**Task to carry out:**
The entries that follow include a run beginning at the line with "D\<^sup>2)) \<le> (\<Sum>i" and ending at the line with "by (rule order_trans[OF"; restate that run word for word and leave the rest out.

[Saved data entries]

lemma em_2cell_phi_eta_omega_iff:
  "em_2cell K t mu eta t' mu' eta' V psi W phi phi_eta_omega \<longleftrightarrow> phi_omega = proj omega_psi"
  using em_2cell_iff[OF phi_eta_omega_cell] mu_phi_eta_omega act_phi_eta_omega proj_phi_eta_omega
  by metis

lemma em_2cell_phi_eta_omega_iff':
  "em_2cell K t mu eta t' mu' eta' V psi W phi phi_eta_omega
    \<longleftrightarrow> proj omega_psi_eta = phi_eta_omega \<and> proj omega_psi = act omega_psi_eta"
  using em_2cell_phi_eta_omega_iff proj_omega_psi_eta phi_eta_omega_eq act_phi_eta_omega
    act_proj_omega_psi_eta by metis

lemma phi_omega_eq_omega_psi_iff:
  "phi_omega = omega_psi \<longleftrightarrow>
    em_2cell K t mu eta t' mu' eta' V psi W phi phi_eta_omega
    \<and> em_2cell K t mu eta t' mu' eta' V psi W phi omega_psi_eta"
proof -
  have "proj (act omega_psi_eta) = act omega_psi_eta"
    by (rule proj_act[of omega_psi_eta V]) simp_all
  then show ?thesis
    using em_2cell_omega_psi_eta_iff em_2cell_phi_eta_omega_iff omega_psi_eta_eq phi_eta_omega_eq
      act_phi_eta_omega proj_phi_omega by metis
qed

end

theorem lemma1p2:
  fixes K :: "('o, 'a, 'c) twocat"
    and k k' :: 'o and t t' V W :: 'a and mu eta mu' eta' psi phi omega :: 'c
  assumes K: "two_category K"
    and M: "monad K k t mu eta"
    and M': "monad K k' t' mu' eta'"
    and V: "em_1cell K k t mu eta k' t' mu' eta' V psi"
    and W: "em_1cell K k t mu eta k' t' mu' eta' W phi"
    and om: "cell2 K omega V W"
  shows
   "(em_2cell K t mu eta t' mu' eta' V psi W phi
        (vcmp K (wr K omega t) (vcmp K psi (wr K eta' V)))
     \<longleftrightarrow>
     vcmp K (wr K omega t) psi =
       vcmp K (wl K W mu) (vcmp K (wr K phi t) (vcmp K (wl K t' (wr K omega t))
         (vcmp K (wl K t' psi) (wl K t' (wr K eta' V))))))
  \<and>
   (em_2cell K t mu eta t' mu' eta' V psi W phi
        (vcmp K (wr K omega t) (vcmp K psi (wr K eta' V)))
     \<longleftrightarrow>
     (vcmp K (wl K W mu) (vcmp K (wr K phi t) (vcmp K (wr K eta' (cmp1 K W t))
         (vcmp K (wr K omega t) (vcmp K psi (wr K eta' V)))))
        = vcmp K (wr K omega t) (vcmp K psi (wr K eta' V))
      \<and>
      vcmp K (wl K W mu) (vcmp K (wr K phi t) (vcmp K (wr K eta' (cmp1 K W t))
         (vcmp K (wr K omega t) psi)))
        = vcmp K (wl K W mu) (vcmp K (wr K phi t) (vcmp K (wl K t' (wr K omega t))
         (vcmp K (wl K t' psi) (wl K t' (wr K eta' V)))))))
  \<and>
   (em_2cell K t mu eta t' mu' eta' V psi W phi
        (vcmp K phi (vcmp K (wr K eta' W) omega))
     \<longleftrightarrow>
     vcmp K phi (wl K t' omega) =
       vcmp K (wl K W mu) (vcmp K (wr K phi t) (vcmp K (wr K eta' (cmp1 K W t))
         (vcmp K (wr K omega t) psi))))
  \<and>
   (em_2cell K t mu eta t' mu' eta' V psi W phi
        (vcmp K phi (vcmp K (wr K eta' W) omega))
     \<longleftrightarrow>
     (vcmp K (wl K W mu) (vcmp K (wr K phi t) (vcmp K (wr K eta' (cmp1 K W t))
         (vcmp K (wr K omega t) (vcmp K psi (wr K eta' V)))))
        = vcmp K phi (vcmp K (wr K eta' W) omega)
      \<and>
      vcmp K (wl K W mu) (vcmp K (wr K phi t) (vcmp K (wr K eta' (cmp1 K W t))
         (vcmp K (wr K omega t) psi)))
        = vcmp K (wl K W mu) (vcmp K (wr K phi t) (vcmp K (wl K t' (wr K omega t))
         (vcmp K (wl K t' psi) (wl K t' (wr K eta' V)))))))
  \<and>
   (vcmp K phi (wl K t' omega) = vcmp K (wr K omega t) psi
     \<longleftrightarrow>
     em_2cell K t mu eta t' mu' eta' V psi W phi
        (vcmp K phi (vcmp K (wr K eta' W) omega))
     \<and> em_2cell K t mu eta t' mu' eta' V psi W phi
        (vcmp K (wr K omega t) (vcmp K psi (wr K eta' V))))
  \<and>
   (vcmp K phi (wl K t' omega) = vcmp K (wr K omega t) psi \<longrightarrow>
     vcmp K phi (vcmp K (wr K eta' W) omega) = vcmp K (wr K omega t) (vcmp K psi (wr K eta' V)))"
proof -
  interpret em_1cell_pair K k k' t t' W mu eta mu' eta' phi V psi omega
    by unfold_locales (fact K M M' W V om)+
  show ?thesis
    using em_2cell_omega_psi_eta_iff em_2cell_omega_psi_eta_iff' em_2cell_phi_eta_omega_iff
      em_2cell_phi_eta_omega_iff' phi_omega_eq_omega_psi_iff phi_eta_omega_eq omega_psi_eta_eq
    unfolding act_omega_psi_eta_distrib by metis
qed

end
lemma ode_solution_monotone_if_deriv_signs_differ:
  assumes "continuous_on UNIV (\<lambda>(a, s). F a s)" "continuous_on UNIV (\<lambda>(a, s). G a s)"
    and sol: "ode_solution F G t0 xa xs"
    and signs: "\<And>t. t0 < t \<Longrightarrow> \<not> (0 < F (xa t) (xs t) \<and> 0 < G (xa t) (xs t)) \<and>
      \<not> (F (xa t) (xs t) < 0 \<and> G (xa t) (xs t) < 0) \<and> \<not> (F (xa t) (xs t) = 0 \<and> G (xa t) (xs t) = 0)"
  shows "(mono_on {t0..} xa \<and> antimono_on {t0..} xs) \<or> (antimono_on {t0..} xa \<and> mono_on {t0..} xs)"
proof -
  define u where "u t = F (xa t) (xs t)" for t
  define v where "v t = G (xa t) (xs t)" for t
  have "{t0<..} \<subseteq> {t0..}" by auto
  then have "continuous_on {t0<..} xa" "continuous_on {t0<..} xs"
    using sol continuous_on_subset unfolding ode_solution_def by blast+
  then have "continuous_on {t0<..} (\<lambda>t. (xa t, xs t))"
    by (rule continuous_on_Pair)
  then have "continuous_on {t0<..} u" "continuous_on {t0<..} v"
    unfolding u_def v_def
    using continuous_on_compose2[OF assms(1), of _ "\<lambda>t. (xa t, xs t)"]
      continuous_on_compose2[OF assms(2), of _ "\<lambda>t. (xa t, xs t)"] by auto
  then have "(\<forall>t\<in>{t0<..}. 0 \<le> u t \<and> v t \<le> 0) \<or> (\<forall>t\<in>{t0<..}. u t \<le> 0 \<and> 0 \<le> v t)"
    using signs unfolding u_def v_def by (intro continuous_on_opposite_signs) auto
  moreover have cont: "continuous_on {t0..} xa" "continuous_on {t0..} xs"
    and deriv: "\<And>t. t0 < t \<Longrightarrow> (xa has_real_derivative u t) (at t) \<and> (xs has_real_derivative v t) (at t)"
    using sol unfolding ode_solution_def u_def v_def by auto
  ultimately show ?thesis
  proof (elim disjE)
    assume signs: "\<forall>t\<in>{t0<..}. 0 \<le> u t \<and> v t \<le> 0"
    have "mono_on {t0..} xa" by (rule deriv_nonneg_imp_mono_on[OF cont(1)]) (use deriv signs in auto)
    moreover have "antimono_on {t0..} xs" by (rule deriv_nonpos_imp_antimono_on[OF cont(2)]) (use deriv signs in auto)
    ultimately show ?thesis by blast
  next
    assume signs: "\<forall>t\<in>{t0<..}. u t \<le> 0 \<and> 0 \<le> v t"
    have "antimono_on {t0..} xa" by (rule deriv_nonpos_imp_antimono_on[OF cont(1)]) (use deriv signs in auto)
    moreover have "mono_on {t0..} xs" by (rule deriv_nonneg_imp_mono_on[OF cont(2)]) (use deriv signs in auto)
    ultimately show ?thesis by blast
  qed
qed
lemma horizontal_qi_embedding_column_upper:
  assumes "y \<in> I" "t \<in> J" "t' \<in> J"
  shows "sqrt \<bar>snd (F (y, t)) - snd (F (y, t'))\<bar> \<le> M * sqrt \<bar>t - t'\<bar> + eps"
  using d_par_ge(2)[of "F (y, t)" "F (y, t')"] horizontal_qi_embeddingD(2)[of "(y, t)" "(y, t')"] assms
  by (simp add: d_par_same_fst)

lemma horizontal_qi_embedding_rows_meet:
  assumes I: "is_interval I" and "M > 0" and "t \<in> J" "t' \<in> J"
    and "a \<in> I" "b \<in> I" and far: "\<bar>a - b\<bar> > 2 * M\<^sup>2 * sqrt \<bar>t - t'\<bar> + 3 * M * eps"
  shows "\<exists>y\<in>I. \<exists>y'\<in>I. \<bar>fst (F (y, t)) - fst (F (y', t'))\<bar> \<le> eps"
proof -
  define s where "s = sqrt \<bar>t - t'\<bar>"
  have close: "\<bar>fst (F (x, t)) - fst (F (x, t'))\<bar> \<le> M * s + eps" if "x \<in> I" for x
    using d_par_ge(1)[of "F (x, t)" "F (x, t')"] horizontal_qi_embeddingD(2)[of "(x, t)" "(x, t')"]
      that assms(3,4) by (simp add: d_par_same_fst s_def)
  have "\<bar>a - b\<bar> / M > 2 * (M * s) + 3 * eps"
    using far \<open>M > 0\<close> by (simp add: s_def pos_less_divide_eq power2_eq_square algebra_simps)
  moreover have "\<bar>a - b\<bar> / M - eps \<le> \<bar>fst (F (a, t)) - fst (F (b, t))\<bar>"
    using horizontal_qi_embedding_row[OF \<open>t \<in> J\<close>] assms(5,6) unfolding qi_embedding_def d_abs_def by blast
  ultimately have "\<bar>fst (F (a, t)) - fst (F (b, t))\<bar> > 2 * (M * s + eps)"
    unfolding distrib_left by linarith
  moreover have rows: "coarse_lipschitz_on I M eps (\<lambda>y. fst (F (y, \<tau>)))" if "\<tau> \<in> J" for \<tau>
    using qi_embedding_abs_imp_coarse_lipschitz_on[OF horizontal_qi_embedding_row[OF that]] .
  ultimately show ?thesis
    using coarse_lipschitz_close_functions_meet[OF I _ rows rows close assms(5,6)] \<open>M > 0\<close> assms(3,4)
    by simp
qed
lemma residual_gain_polynomial_bound:
  obtains c where "0 \<le> c"
    and "\<And>K. K \<in> carrier_mat nx nx \<Longrightarrow> residual_gain K \<le> c * (1 + frob_norm K) ^ (Nh - 1)"
proof -
  define c0 where "c0 = Nh * mat_norm1 CJ * (1 + mat_norm1 A_e) * mat_norm1 (minv C)"
  define \<gamma> where "\<gamma> = 1 + mat_norm1 A + mat_norm1 DA + mat_norm1 B * real (nx * nx) * mat_norm1 C"
  have c0: "0 \<le> c0" unfolding c0_def by (simp add: mat_norm1_nonneg add_nonneg_nonneg)
  have \<gamma>: "1 \<le> \<gamma>" unfolding \<gamma>_def by (simp add: mat_norm1_nonneg)
  have "residual_gain K \<le> c0 * \<gamma> ^ (Nh - 1) * (1 + frob_norm K) ^ (Nh - 1)"
    if K: "K \<in> carrier_mat nx nx" for K
  proof -
    let ?k = "frob_norm K"
    have BK: "B * K \<in> carrier_mat nx nx" using B K by simp
    have "mat_norm1 (B * K * C) \<le> mat_norm1 B * mat_norm1 K * mat_norm1 C"
      using mat_norm1_mult_le[OF BK C] mat_norm1_mult_le[OF B K] mat_norm1_nonneg[of C]
      by (meson mult_right_mono order_trans)
    also have "\<dots> \<le> mat_norm1 B * (real (nx * nx) * ?k) * mat_norm1 C"
      by (intro mult_right_mono mult_left_mono mat_norm1_le_frob_norm[OF K] mat_norm1_nonneg)
    finally have BKC: "mat_norm1 (B * K * C) \<le> mat_norm1 B * real (nx * nx) * mat_norm1 C * ?k"
      by (simp add: mult_ac)
    have "mat_norm1 (A_x K - DA) \<le> mat_norm1 A + mat_norm1 (B * K * C) + mat_norm1 DA"
      using mat_norm1_diff_le[OF A_x_carrier[OF K] DA] mat_norm1_add_le[of A nx nx "B * K * C"] A BK C
      unfolding A_x_def by fastforce
    moreover have "\<gamma> * (1 + ?k) = \<gamma> + (mat_norm1 A + mat_norm1 DA) * ?k + ?k
        + mat_norm1 B * real (nx * nx) * mat_norm1 C * ?k"
      unfolding \<gamma>_def by (simp add: algebra_simps)
    moreover have "0 \<le> (mat_norm1 A + mat_norm1 DA) * ?k"
      and "0 \<le> mat_norm1 B * real (nx * nx) * mat_norm1 C"
      by (simp_all add: mat_norm1_nonneg frob_norm_nonneg)
    ultimately have "1 + mat_norm1 (A_x K - DA) \<le> \<gamma> * (1 + ?k)"
      using BKC frob_norm_nonneg[of K] unfolding \<gamma>_def by linarith
    then have "(1 + mat_norm1 (A_x K - DA)) ^ (Nh - 1) \<le> (\<gamma> * (1 + ?k)) ^ (Nh - 1)"
      by (rule power_mono) (simp add: mat_norm1_nonneg add_nonneg_nonneg)
    then have "c0 * (1 + mat_norm1 (A_x K - DA)) ^ (Nh - 1) \<le> c0 * (\<gamma> * (1 + ?k)) ^ (Nh - 1)"
      by (rule mult_left_mono[OF _ c0])
    then show ?thesis
      unfolding residual_gain_def c0_def by (simp add: power_mult_distrib mult.assoc)
  qed
  then show ?thesis using c0 \<gamma> by (intro that[of "c0 * \<gamma> ^ (Nh - 1)"]) simp_all
qed

lemma q_worst_le_residual_gain:
  assumes K: "K \<in> carrier_mat nx nx" and eps: "0 \<le> eps_r"
  shows "q_worst nx Nh eps_r A B C CJ L DA K \<le> eps_r * real (nx * Nh) * (residual_gain K)\<^sup>2"
  unfolding q_worst_def
proof (rule cSup_least)
  let ?n = "nx * Nh" and ?Fr = "F_r nx Nh A B C L DA K" and ?Fp = "F_p nx Nh A B C CJ K"
  have "sqnorm (?Fr *\<^sub>v 0\<^sub>v ?n) \<le> eps_r" using eps by (simp add: sqnorm_def mult_mat_vec_zero[OF F_r_carrier])
  then have "sqnorm (?Fp *\<^sub>v 0\<^sub>v ?n)
      \<in> {sqnorm (?Fp *\<^sub>v a) |a. a \<in> carrier_vec ?n \<and> sqnorm (?Fr *\<^sub>v a) \<le> eps_r}"
    by (intro CollectI exI[of _ "0\<^sub>v ?n"]) simp
  then show "{sqnorm (?Fp *\<^sub>v a) |a. a \<in> carrier_vec ?n \<and> sqnorm (?Fr *\<^sub>v a) \<le> eps_r} \<noteq> {}"
    by (rule ex_in_conv[THEN iffD1, OF exI])
  fix x assume "x \<in> {sqnorm (?Fp *\<^sub>v a) |a. a \<in> carrier_vec ?n \<and> sqnorm (?Fr *\<^sub>v a) \<le> eps_r}"
  then obtain a where a: "a \<in> carrier_vec ?n" "sqnorm (?Fr *\<^sub>v a) \<le> eps_r"
    and x: "x = sqnorm (?Fp *\<^sub>v a)"
    by blast
  have "x \<le> (vec_norm1 (?Fp *\<^sub>v a))\<^sup>2" unfolding x by (rule sqnorm_le_vec_norm1_sq)
  also have "\<dots> \<le> (residual_gain K)\<^sup>2 * (vec_norm1 (?Fr *\<^sub>v a))\<^sup>2"
    using power_mono[OF performance_le_residual[OF K a(1)] vec_norm1_nonneg, of 2]
    by (simp add: power_mult_distrib)
  also have "\<dots> \<le> (residual_gain K)\<^sup>2 * (real ?n * sqnorm (?Fr *\<^sub>v a))"
    using vec_norm1_sq_le_dim_mult_sqnorm[of "?Fr *\<^sub>v a"] carrier_matD(1)[OF F_r_carrier]
    by (intro mult_left_mono) auto
  also have "\<dots> \<le> (residual_gain K)\<^sup>2 * (real ?n * eps_r)"
    using a(2) by (intro mult_left_mono) auto
  finally show "x \<le> eps_r * real ?n * (residual_gain K)\<^sup>2" by (simp add: mult_ac)
qed

lemma q_worst_polynomial_bound:
  assumes eps: "0 \<le> eps_r"
  obtains \<mu> where "0 \<le> \<mu>"
    and "\<And>K. K \<in> carrier_mat nx nx \<Longrightarrow>
      q_worst nx Nh eps_r A B C CJ L DA K \<le> \<mu> * (1 + (frob_norm K)\<^sup>2) ^ (nx * Nh - 1)"
proof -
  obtain c where c: "0 \<le> c"
    and gain: "\<And>K. K \<in> carrier_mat nx nx \<Longrightarrow> residual_gain K \<le> c * (1 + frob_norm K) ^ (Nh - 1)"
    using residual_gain_polynomial_bound by blast
  define \<mu> where "\<mu> = eps_r * real (nx * Nh) * c\<^sup>2 * 2 ^ (Nh - 1)"
  have \<mu>: "0 \<le> \<mu>" unfolding \<mu>_def using eps by simp
  have "q_worst nx Nh eps_r A B C CJ L DA K \<le> \<mu> * (1 + (frob_norm K)\<^sup>2) ^ (nx * Nh - 1)"
    if K: "K \<in> carrier_mat nx nx" for K
  proof -
    let ?k = "frob_norm K"
    have k: "0 \<le> ?k" by (rule frob_norm_nonneg)
    have "(residual_gain K)\<^sup>2 \<le> (c * (1 + ?k) ^ (Nh - 1))\<^sup>2"
      by (rule power_mono[OF gain[OF K] residual_gain_nonneg])
    also have "\<dots> = c\<^sup>2 * ((1 + ?k)\<^sup>2) ^ (Nh - 1)"
      by (simp add: power_mult_distrib power_mult[symmetric] mult.commute)
    also have "\<dots> \<le> c\<^sup>2 * (2 * (1 + ?k\<^sup>2)) ^ (Nh - 1)"
    proof -
      have "0 \<le> (?k - 1)\<^sup>2" by simp
      then have "(1 + ?k)\<^sup>2 \<le> 2 * (1 + ?k\<^sup>2)" by (simp add: power2_eq_square algebra_simps)
      then show ?thesis by (intro mult_left_mono power_mono) auto
    qed
    also have "\<dots> \<le> c\<^sup>2 * 2 ^ (Nh - 1) * (1 + ?k\<^sup>2) ^ (nx * Nh - 1)"
    proof -
      have "Nh - 1 \<le> nx * Nh - 1" using nx by (simp add: diff_le_mono)
      then have "(1 + ?k\<^sup>2) ^ (Nh - 1) \<le> (1 + ?k\<^sup>2) ^ (nx * Nh - 1)"
        by (rule power_increasing) simp
      then have "2 ^ (Nh - 1) * (1 + ?k\<^sup>2) ^ (Nh - 1) \<le> 2 ^ (Nh - 1) * (1 + ?k\<^sup>2) ^ (nx * Nh - 1)"
        by (rule mult_left_mono) simp
      then show ?thesis unfolding power_mult_distrib mult.assoc by (rule mult_left_mono) simp
    qed
    finally have "(residual_gain K)\<^sup>2 \<le> c\<^sup>2 * 2 ^ (Nh - 1) * (1 + ?k\<^sup>2) ^ (nx * Nh - 1)" .
    then have "eps_r * real (nx * Nh) * (residual_gain K)\<^sup>2
        \<le> eps_r * real (nx * Nh) * (c\<^sup>2 * 2 ^ (Nh - 1) * (1 + ?k\<^sup>2) ^ (nx * Nh - 1))"
      using eps by (intro mult_left_mono) auto
    then show ?thesis
      using q_worst_le_residual_gain[OF K eps] unfolding \<mu>_def by (simp add: mult_ac)
  qed
  with \<mu> show ?thesis by (rule that)
qed


lemma minv_kappa_carrier: "K \<in> carrier_mat nx nx \<Longrightarrow> minv (kappa K) \<in> carrier_mat (nx * Nh) (nx * Nh)"
  by (rule minv_inverse(1)[OF kappa_carrier det_nonzero_inverse_exists[OF kappa_carrier det_kappa_nonzero]])

lemma sum_sigma_nonneg:
  "K \<in> carrier_mat nx nx \<Longrightarrow> 0 \<le> (\<Sum>i = 2..nx * Nh. sigma (minv (kappa K)) i)"
  by (intro sum_nonneg sigma_nonneg[OF minv_kappa_carrier]) auto

lemma sum_sigma_lower_bound:
  assumes n: "2 \<le> nx * Nh"
  obtains s where "0 < s"
    and "\<And>K. K \<in> carrier_mat nx nx \<Longrightarrow> frob_norm K \<le> 1 \<Longrightarrow>
           s \<le> (\<Sum>i = 2..nx * Nh. sigma (minv (kappa K)) i)"
proof -
  let ?n = "nx * Nh"
  obtain c where c: "0 \<le> c"
    and gain: "\<And>K. K \<in> carrier_mat nx nx \<Longrightarrow> residual_gain K \<le> c * (1 + frob_norm K) ^ (Nh - 1)"
    using residual_gain_polynomial_bound by blast
  define D where "D = fact ?n * (c * 2 ^ (Nh - 1)) ^ ?n + 1"
  have D: "1 \<le> D" unfolding D_def using c by simp
  have "sqrt (min 1 (1 / D\<^sup>2)) \<le> (\<Sum>i = 2..?n. sigma (minv (kappa K)) i)"
    if K: "K \<in> carrier_mat nx nx" and k: "frob_norm K \<le> 1" for K
  proof -
    have "(1 + frob_norm K) ^ (Nh - 1) \<le> 2 ^ (Nh - 1)"
      using k frob_norm_nonneg[of K] by (intro power_mono) auto
    then have "residual_gain K \<le> c * 2 ^ (Nh - 1)"
      by (rule order_trans[OF gain[OF K] mult_left_mono[OF _ c]])
    then have "\<bar>det (kappa K)\<bar> \<le> D"
      using abs_det_le_fact_mult_pow[OF kappa_carrier[OF K] order_trans[OF abs_kappa_index_le[OF K]]]
      unfolding D_def by fastforce
    then have "(det (kappa K))\<^sup>2 \<le> D\<^sup>2"
      by (metis abs_ge_zero power2_abs power_mono)
    then have "1 / D\<^sup>2 \<le> (det (minv (kappa K)))\<^sup>2"
      using det_kappa_nonzero[OF K] det_minv[OF kappa_carrier[OF K] det_kappa_nonzero[OF K]]
      by (simp add: power_divide frac_le)
    then have "sqrt (min 1 (1 / D\<^sup>2)) \<le> sqrt (min 1 ((det (minv (kappa K)))\<^sup>2))"
      by simp
    also have "\<dots> \<le> sigma (minv (kappa K)) ?n"
      using nx Nh by (intro sigma_max_ge[OF minv_kappa_carrier[OF K]]) simp
    also have "\<dots> \<le> (\<Sum>i = 2..?n. sigma (minv (kappa K)) i)"
      using n by (intro member_le_sum sigma_nonneg[OF minv_kappa_carrier[OF K]]) auto
    finally show ?thesis .
  qed
  moreover have "0 < sqrt (min 1 (1 / D\<^sup>2))" using D by simp
  ultimately show ?thesis using that by blast
qed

**Reply to the exercise:**
  have "sqrt (min 1 (1 / D\<^sup>2)) \<le> (\<Sum>i = 2..?n. sigma (minv (kappa K)) i)"
    if K: "K \<in> carrier_mat nx nx" and k: "frob_norm K \<le> 1" for K
  proof -
    have "(1 + frob_norm K) ^ (Nh - 1) \<le> 2 ^ (Nh - 1)"
      using k frob_norm_nonneg[of K] by (intro power_mono) auto
    then have "residual_gain K \<le> c * 2 ^ (Nh - 1)"
      by (rule order_trans[OF gain[OF K] mult_left_mono[OF _ c]])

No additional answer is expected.